According to the Torah tefillin are worn on the “hand” and “between the eyes” (see Shemot 13:9). The Gemara defines the tefillin of the “hand” as being placed on the kiboret – the bicep, the muscle between the elbow and the shoulder – and the tefillin “between the eyes” as being placed on the skull on the location of the fontanel, the soft area of a baby’s head.
Various derivations are offered explaining why halakha rules that neither “hand” nor “between the eyes” are understood literally by the Sages. When the Gemara suggests that perhaps “tefillin of the hand” should be actually placed on the hand, and that “between the eyes” should be understood literally, it is not only a theoretical discussion. According to the Mishna in Massekhet Megilla (24a) during the time of the Mishna there were Jewish sects that disagreed with the traditional interpretations of the Sages and actually performed the commandment of tefillin in a literal manner. Among these sects, apparently, were early Christians.
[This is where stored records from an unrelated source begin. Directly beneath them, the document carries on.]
lemma card_components_empty: "card (components n (arc_adj n {})) = n"
proof -
  have "(arc_adj n {})\<^sup>*\<^sup>* u v \<longleftrightarrow> u = v" for u v
    by (auto elim: rtranclp_induct simp: arc_adj_def)
  then have "components n (arc_adj n {}) = (\<lambda>u. {u}) ` {0..<n}"
    by (auto simp: components_def)
  then show ?thesis
    by (simp add: card_image)
qed

lemma forest_insertD:
  assumes "forest n (insert x A)"
  shows "forest n A"
  unfolding forest_def
proof clarify
  fix i j
  assume "(i, j) \<in> A" "(arc_adj n (A - {(i, j)}))\<^sup>*\<^sup>* i j"
  moreover have "A - {(i, j)} \<subseteq> insert x A - {(i, j)}"
    by blast
  ultimately have "(arc_adj n (insert x A - {(i, j)}))\<^sup>*\<^sup>* i j"
    using rtranclp_arc_adj_mono by (blast dest: predicate2D)
  then show False
    using assms \<open>(i, j) \<in> A\<close> by (auto simp: forest_def)
qed

lemma forest_card_le:
  "finite A \<Longrightarrow> A \<subseteq> {0..<n} \<times> {0..<n} \<Longrightarrow> forest n A \<Longrightarrow>
   card A + card (components n (arc_adj n A)) \<le> n"
proof (induction A rule: finite_induct)
  case empty
  then show ?case
    by (simp add: card_components_empty)
next
  case (insert x A)
  obtain i j where x: "x = (i, j)"
    by fastforce
  have "\<not> (arc_adj n (insert x A - {x}))\<^sup>*\<^sup>* i j"
    using insert.prems(2) x by (simp add: forest_def)
  then have "\<not> (arc_adj n A)\<^sup>*\<^sup>* i j"
    using insert.hyps(2) by (simp add: Diff_insert_absorb)
  moreover have "i < n" "j < n"
    using insert.prems(1) x by auto
  moreover have "(arc_adj n (insert x A))\<^sup>*\<^sup>* i j"
    using calculation(2,3) x by (auto simp: arc_adj_def)
  ultimately have "card (components n (arc_adj n (insert x A))) < card (components n (arc_adj n A))"
    by (intro card_components_less[OF rtranclp_arc_adj_mono[OF subset_insertI] symp_arc_adj])
  moreover have "card A + card (components n (arc_adj n A)) \<le> n"
    using insert.IH insert.prems(1) forest_insertD[OF insert.prems(2)] by blast
  ultimately show ?case
    using insert.hyps by simp
qed

lemma rtrancl_path_relpowp: "rtrancl_path R u xs v \<Longrightarrow> (R ^^ length xs) u v"
proof (induction rule: rtrancl_path.induct)
  case (step x y ys z)
  have "(R ^^ Suc (length ys)) x z"
    by (rule relpowp_Suc_I2[OF step(1,3)])
  then show ?case
    by simp
qed simp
Through the ages there were, nonetheless, different interpretations of the Sages’ definition, as well. We know of groups that understood the term kiboret as meaning the fleshy part of the lower part of the arm, between the elbow and the wrist, and actually wore tefillin in that fashion. Rabbeinu Tam came out strongly against this understanding and proved that only the upper part of the arm could be considered the kiboret.
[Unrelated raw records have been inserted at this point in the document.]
theorem corollary1:
  fixes m c q :: real
    and A0 Ax Ay Az :: field
    and I :: "real set"
    and X P :: "real \<Rightarrow> real^3"
  assumes m_pos: "m > 0" and c_pos: "c > 0"
    and diff: "\<And>p. (\<lambda>p. A0 (fst p) (snd p)) differentiable (at p)"
              "\<And>p. (\<lambda>p. Ax (fst p) (snd p)) differentiable (at p)"
              "\<And>p. (\<lambda>p. Ay (fst p) (snd p)) differentiable (at p)"
              "\<And>p. (\<lambda>p. Az (fst p) (snd p)) differentiable (at p)"
    and I_int: "is_interval I"
    and s_pos: "\<forall>\<xi>\<in>I. s_hat m c q A0 Az (X \<xi>) (P \<xi>) \<xi> > 0"
    and sol: "hamilton_solution (H_hat m c q A0 Ax Ay Az) I X P"
  shows
    "(\<forall>U. open U \<and> time_indep_on U A0 \<and> time_indep_on U Ax \<and> time_indep_on U Ay
           \<and> time_indep_on U Az \<and> (\<forall>\<xi>\<in>I. ((\<xi> + X \<xi> $ 3) / c, X \<xi>) \<in> U)
        \<longrightarrow> (\<forall>\<xi>0\<in>I. \<forall>\<xi>1\<in>I.
               H_hat m c q A0 Ax Ay Az (X \<xi>1) (P \<xi>1) \<xi>1
             = H_hat m c q A0 Ax Ay Az (X \<xi>0) (P \<xi>0) \<xi>0))
     \<and>
     (\<forall>U. open U \<and> time_indep_on U A0 \<and> time_indep_on U Az
           \<and> (\<forall>\<xi>\<in>I. ((\<xi> + X \<xi> $ 3) / c, X \<xi>) \<in> U)
        \<longrightarrow> (\<forall>\<xi>0\<in>I. \<forall>\<xi>1\<in>I. \<xi>0 \<le> \<xi>1 \<longrightarrow>
               ((\<lambda>\<xi>. deriv (\<lambda>\<eta>. v_hat m c q Ax Ay (X \<xi>) (P \<xi>) \<eta>) \<xi>
                        / (2 * s_hat m c q A0 Az (X \<xi>) (P \<xi>) \<xi>))
                has_integral
                  ((H_hat m c q A0 Ax Ay Az (X \<xi>1) (P \<xi>1) \<xi>1
                    - H_hat m c q A0 Ax Ay Az (X \<xi>0) (P \<xi>0) \<xi>0) / (m * c\<^sup>2)))
               {\<xi>0..\<xi>1}))"
proof -
  define h where "h \<xi> = H_hat m c q A0 Ax Ay Az (X \<xi>) (P \<xi>) \<xi>" for \<xi>
  define f where "f \<xi> = deriv (\<lambda>\<eta>. v_hat m c q Ax Ay (X \<xi>) (P \<xi>) \<eta>) \<xi>
                        / (2 * s_hat m c q A0 Az (X \<xi>) (P \<xi>) \<xi>)" for \<xi>
  have dh: "(h has_real_derivative m * c\<^sup>2 * f \<xi>) (at \<xi> within I)"
    if "time_indep_on U A0" "time_indep_on U Az" "\<forall>\<xi>\<in>I. ((\<xi> + X \<xi> $ 3) / c, X \<xi>) \<in> U" "\<xi> \<in> I"
    for U \<xi>
    using H_hat_derivative_along_solution[of m c, OF _ _ diff sol \<open>\<xi> \<in> I\<close>] that m_pos c_pos s_pos
    unfolding h_def f_def time_indep_on_def by force
  have "h \<xi>1 = h \<xi>0"
    if U: "time_indep_on U A0" "time_indep_on U Ax" "time_indep_on U Ay" "time_indep_on U Az"
      "\<forall>\<xi>\<in>I. ((\<xi> + X \<xi> $ 3) / c, X \<xi>) \<in> U" and "\<xi>0 \<in> I" "\<xi>1 \<in> I" for U \<xi>0 \<xi>1
  proof -
    have "f \<xi> = 0" if "\<xi> \<in> I" for \<xi>
      using v_hat_partial_xi_zero[of Ax "X \<xi>" \<xi> c Ay m] U(2,3,5) that c_pos m_pos
      unfolding f_def time_indep_on_def by force
    with dh[OF U(1,4,5)] obtain k where "\<forall>\<xi>\<in>I. h \<xi> = k"
      using has_field_derivative_zero_constant[OF is_interval_convex[OF I_int]] by force
    with \<open>\<xi>0 \<in> I\<close> \<open>\<xi>1 \<in> I\<close> show ?thesis by simp
  qed
  moreover have "(f has_integral (h \<xi>1 - h \<xi>0) / (m * c\<^sup>2)) {\<xi>0..\<xi>1}"
    if "time_indep_on U A0" "time_indep_on U Az" "\<forall>\<xi>\<in>I. ((\<xi> + X \<xi> $ 3) / c, X \<xi>) \<in> U"
      and "\<xi>0 \<in> I" "\<xi>1 \<in> I" "\<xi>0 \<le> \<xi>1" for U \<xi>0 \<xi>1
    using has_integral_from_scaled_derivative[OF I_int \<open>\<xi>0 \<in> I\<close> \<open>\<xi>1 \<in> I\<close> \<open>\<xi>0 \<le> \<xi>1\<close>]
      dh[OF that(1-3)] m_pos c_pos by simp
  ultimately show ?thesis
    unfolding h_def[symmetric] f_def[abs_def, symmetric] by blast
qed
With regard to placing the tefillin of the head on the spot where a baby’s head is soft, when a baby is born the bones of the skull are separated. The area where these bones will eventually meet are open so that the brain is not covered with bone, but there is room for the skull to grow and develop. The Gemara’s reference to the area where the baby’s skull is soft refers to the soft area towards the front of the head, which ordinarily closes up by the time the baby is one-and-a-half years old.